I can think of only one other movie at any time in any language that so thoroughly demolishes the pretensions of the very people whom the smart set aspired to be at the time the movie was coming out. Amazingly that movie was 'Alfie', that came out about that same year. (A movie like La Dolce Vita is in a different mode - the people are the new meretricious post-war haute bourgeois class - a frequent target through history, and in that way, like The Ice Storm or Interiors or American Beauty as an attack on such values).
Virtually all "serious satires" take on targets that the "chattering classes" consider suspect - the hidebound, the hypocritical, the "authority figures" whom youth wish to overturn. Not this one. Astonishingly, in the midst of mod London, the very middle of the swinging 60s, you get a movie that looks at its non-committal "live for the moment" hedonistic experimentation and blasts its moral character with a cannon.
This just doesn't happen in movies - compare say, "If" or "O Lucky Man" or say, "Network" (to name three I like), and you'll see the targets as the familiar powers that be - from school to television.
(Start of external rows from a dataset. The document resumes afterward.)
text \<open>Follow a vertex of weight at least \<open>\<alpha> = 1/(D+1)\<close> along the chain until its weight
  first drops to \<open>\<alpha>/2\<close>. This part of the chain has length at least \<open>\<alpha>/2\<close>, and at its end
  the vertex is adjacent to a vertex of weight at least \<open>\<alpha>\<close> of the current point.\<close>
lemma joined_within_of_chain:
  assumes R: "\<forall>l\<le>k. fs l \<in> realisation V K"
    and E: "\<forall>l<k. supp (fs l) \<union> supp (fs (Suc l)) \<in> K"
    and last: "fs k = vertex_point v"
    and "i \<le> k" and "1 / (real D + 1) \<le> fs i w"
  shows "\<exists>m. joined_within V K m w v \<and>
           real m \<le> 2 * (real D + 1) * (\<Sum>l=i..<k. l2dist (fs l) (fs (Suc l))) + 1"
  using assms(4,5)
proof (induction "k - i" arbitrary: i w rule: less_induct)
  case less
  define \<alpha> where "\<alpha> = 1 / (real D + 1)"
  define L where "L i = (\<Sum>l=i..<k. l2dist (fs l) (fs (Suc l)))" for i
  have "\<alpha> > 0" and heavy: "\<alpha> \<le> fs i w" using less.prems(2) by (simp_all add: \<alpha>_def)
  show ?case
  proof (cases "\<exists>j. i < j \<and> j \<le> k \<and> fs j w \<le> \<alpha> / 2")
    case False
    have "\<alpha> / 2 < fs k w" if "i \<noteq> k"
    proof -
      have "i < k" using that less.prems(1) by simp
      then show ?thesis using False by auto
    qed
    then have "fs k w > 0" using heavy \<open>\<alpha> > 0\<close> by (cases "i = k") auto
    then have "w = v" using last by (simp add: vertex_point_def split: if_splits)
    have "fs k \<in> realisation V K" using R by blast
    then have "supp (fs k) \<in> K" by (simp add: realisation_def)
    then have "v \<in> V" using last simplex_subset by force
    then have "joined_within V K 0 w v" using \<open>w = v\<close> joined_within.start by simp
    moreover have "real 0 \<le> 2 * (real D + 1) * L i + 1" by (simp add: L_def sum_nonneg l2dist_nonneg)
    ultimately show ?thesis unfolding L_def by blast
  next
    case True
    then obtain j where j: "i < j" "j \<le> k" "fs j w \<le> \<alpha> / 2"
      and before: "\<And>l. l < j \<Longrightarrow> \<not> (i < l \<and> l \<le> k \<and> fs l w \<le> \<alpha> / 2)"
      using exists_least_iff[of "\<lambda>j. i < j \<and> j \<le> k \<and> fs j w \<le> \<alpha> / 2"] by blast
    obtain l where "j = Suc l" using j(1) by (cases j) auto
    then have "i \<le> l" "l < k" using j by simp_all
    obtain w' where w': "\<alpha> \<le> fs j w'"
      using realisation_heavy_vertex R j(2) unfolding \<alpha>_def by blast
    have "k - j < k - i" using j by linarith
    then obtain m where m: "joined_within V K m w' v" "real m \<le> 2 * (real D + 1) * L j + 1"
      using less.hyps[of j w'] j w' unfolding \<alpha>_def L_def by auto
    have "fs l w > 0"
    proof (cases "l = i")
      case False
      then have "\<alpha> / 2 < fs l w" using before[of l] \<open>j = Suc l\<close> \<open>i \<le> l\<close> \<open>l < k\<close> by simp
      then show ?thesis using \<open>\<alpha> > 0\<close> by linarith
    qed (use heavy \<open>\<alpha> > 0\<close> in simp)
    moreover have "fs (Suc l) w' > 0" using w' \<open>\<alpha> > 0\<close> \<open>j = Suc l\<close> by simp
    ultimately have "{w, w'} \<in> K" using chain_consecutive_edge[OF E \<open>l < k\<close>] by blast
    then have joined: "joined_within V K (Suc m) w v" using joined_within_Cons m(1) by blast
    have "\<alpha> / 2 \<le> \<bar>fs i w - fs j w\<bar>" using heavy j(3) by linarith
    also have "\<dots> \<le> (\<Sum>l=i..<j. l2dist (fs l) (fs (Suc l)))"
      using R j by (intro coordinate_diff_le_chain_length) auto
    finally have "1 \<le> 2 * (real D + 1) * (\<Sum>l=i..<j. l2dist (fs l) (fs (Suc l)))"
      by (simp add: \<alpha>_def field_simps)
    moreover have "L i = (\<Sum>l=i..<j. l2dist (fs l) (fs (Suc l))) + L j"
      unfolding L_def using j by (simp add: sum.atLeastLessThan_concat)
    ultimately have "real (Suc m) \<le> 2 * (real D + 1) * L i + 1"
      using m(2) by (simp add: algebra_simps)
    then have "real (Suc m) \<le> 2 * (real D + 1) * (\<Sum>l=i..<k. l2dist (fs l) (fs (Suc l))) + 1"
      by (simp only: L_def)
    with joined show ?thesis by blast
  qed
qed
But Julie Christie's character is what people thought was new and wonderful - and its superficiality is blown to bits.
It's as if a movie now were to look at a poor black woman raising a child alone - and blast her for any behavior that contributed to this state. It just won't be done - the sympathies are all running FOR that character. So were the sympathies for the Julie Christie character in that time - and the movie is very very brave in running so utterly against the current.
I just love the movie - it's a step up from Schlesinger's earlier ones -the script is superb, the performances are excellent without exception. (Lawrence Harvey is particularly good - but of course it's Christie's movie).
Do see it. It's also full of wonderfully imaginative touches - such as the ending scene.